His commentary about ‘the masters' included referring to them as members of an “Occult Brotherhood” and mentioning that they were “Unseen, unsuspected as the vivifying spiritual currents of the Akash . . .”  

It was in People From The Other World that Olcott first divulged his appraisal about Helena Petrovna Blavatsky that “. . . instead of being controlled by spirits to do their will, it is she who seems to control them to do her bidding.”  A conception that seems to have been beyond his realization is that of an omnipresent Force operating in unusual ways in proximity and in sympathy with specific individuals to foster some manner of lesson or lessons.  

Commentary and anecdotes that seem to offer contradictions are always useful for reflection.  For example, Olcott wrote about HPB in Old Diary Leaves: “. . . it may be said that, throughout all our years of intimacy, she wasted enough psychic force on useless phenomena to have sufficed to convince the whole Royal Society if it had been judiciously employed . . . However, all that is past and gone, and my task is to record, as remembered, the psychical experiments which satisfied my critical reason as to the reality of the science of Eastern Magic.”

The alternative question that must then be considered is how self-aware is the 'Energy Source' making possible such ‘magic.’

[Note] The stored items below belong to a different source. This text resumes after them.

lemma inner_basis:
  shows "wE i \<bullet> wE j = (if i = j then 1 else 0)"
    "wE i \<bullet> (\<Phi>1 *v wE j) = 0" "(\<Phi>1 *v wE j) \<bullet> wE i = 0"
    "(\<Phi>1 *v wE i) \<bullet> (\<Phi>1 *v wE j) = (if i = j then 1 else 0)"
    "wE i \<bullet> wU j = 0" "wU j \<bullet> wE i = 0"
    "(\<Phi>1 *v wE i) \<bullet> wU j = 0" "wU j \<bullet> (\<Phi>1 *v wE i) = 0"
    "wU i \<bullet> wU j = (if i = j then 1 else 0)"
    "n < T \<Longrightarrow> wE i \<bullet> r n = 0" "n < T \<Longrightarrow> r n \<bullet> wE i = 0"
    "m < T \<Longrightarrow> n < T \<Longrightarrow> r m \<bullet> r n = (if m = n then 1 else 0)"
    "(WV2 *v wE i) \<bullet> (WV2 *v wE j) = (if i = j then 1 else 0)"
    "(WV2 *v wE i) \<bullet> (WV2 *v (\<Phi>1 *v wE j)) = 0"
proof -
  define F where "F = (\<lambda>i. case i of OE v \<Rightarrow> wE v | OP v \<Rightarrow> \<Phi>1 *v wE v | OU v \<Rightarrow> wU v | OR n \<Rightarrow> r n)"
  define I where "I = (range OE \<union> range OP \<union> range OU \<union> OR ` {..<T} :: 'v oidx set)"
  define G where "G = (\<lambda>i. case i of Inl v \<Rightarrow> WV2 *v wE v | Inr v \<Rightarrow> WV2 *v (\<Phi>1 *v wE v))"
  have F: "\<And>i j. i \<in> I \<Longrightarrow> j \<in> I \<Longrightarrow> F i \<bullet> F j = (if i = j then 1 else 0)"
    and G: "\<And>i j. G i \<bullet> G j = (if i = j then 1 else 0)"
    using orthonormal unfolding orthonormal_A_def Let_def F_def I_def G_def by blast+
  show "wE i \<bullet> wE j = (if i = j then 1 else 0)" using F[of "OE i" "OE j"] by (simp add: F_def I_def)
  show "wE i \<bullet> (\<Phi>1 *v wE j) = 0" using F[of "OE i" "OP j"] by (simp add: F_def I_def)
  show "(\<Phi>1 *v wE j) \<bullet> wE i = 0" using F[of "OP j" "OE i"] by (simp add: F_def I_def)
  show "(\<Phi>1 *v wE i) \<bullet> (\<Phi>1 *v wE j) = (if i = j then 1 else 0)"
    using F[of "OP i" "OP j"] by (simp add: F_def I_def)
  show "wE i \<bullet> wU j = 0" using F[of "OE i" "OU j"] by (simp add: F_def I_def)
  show "wU j \<bullet> wE i = 0" using F[of "OU j" "OE i"] by (simp add: F_def I_def)
  show "(\<Phi>1 *v wE i) \<bullet> wU j = 0" using F[of "OP i" "OU j"] by (simp add: F_def I_def)
  show "wU j \<bullet> (\<Phi>1 *v wE i) = 0" using F[of "OU j" "OP i"] by (simp add: F_def I_def)
  show "wU i \<bullet> wU j = (if i = j then 1 else 0)" using F[of "OU i" "OU j"] by (simp add: F_def I_def)
  show "n < T \<Longrightarrow> wE i \<bullet> r n = 0" using F[of "OE i" "OR n"] by (simp add: F_def I_def)
  show "n < T \<Longrightarrow> r n \<bullet> wE i = 0" using F[of "OR n" "OE i"] by (simp add: F_def I_def)
  show "m < T \<Longrightarrow> n < T \<Longrightarrow> r m \<bullet> r n = (if m = n then 1 else 0)"
    using F[of "OR m" "OR n"] by (simp add: F_def I_def)
  show "(WV2 *v wE i) \<bullet> (WV2 *v wE j) = (if i = j then 1 else 0)"
    using G[of "Inl i" "Inl j"] by (simp add: G_def)
  show "(WV2 *v wE i) \<bullet> (WV2 *v (\<Phi>1 *v wE j)) = 0"
    using G[of "Inl i" "Inr j"] by (simp add: G_def)
qed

Often in reading about history’s ‘paranormal people’ such as Helena Petrovna Blavatsky,  one finds that repeated experiences of uncanny phenomena manifesting around themselves may inspire them to hypothesize that they are somehow endowed with some exceptional 'power' or mental capacity.  Something that I do not have in common with these individuals is that due to the chronology and variety of my own interaction with unexplained phenomena, it was obvious that the occurrences around me were not attributable to conscious directives of my own.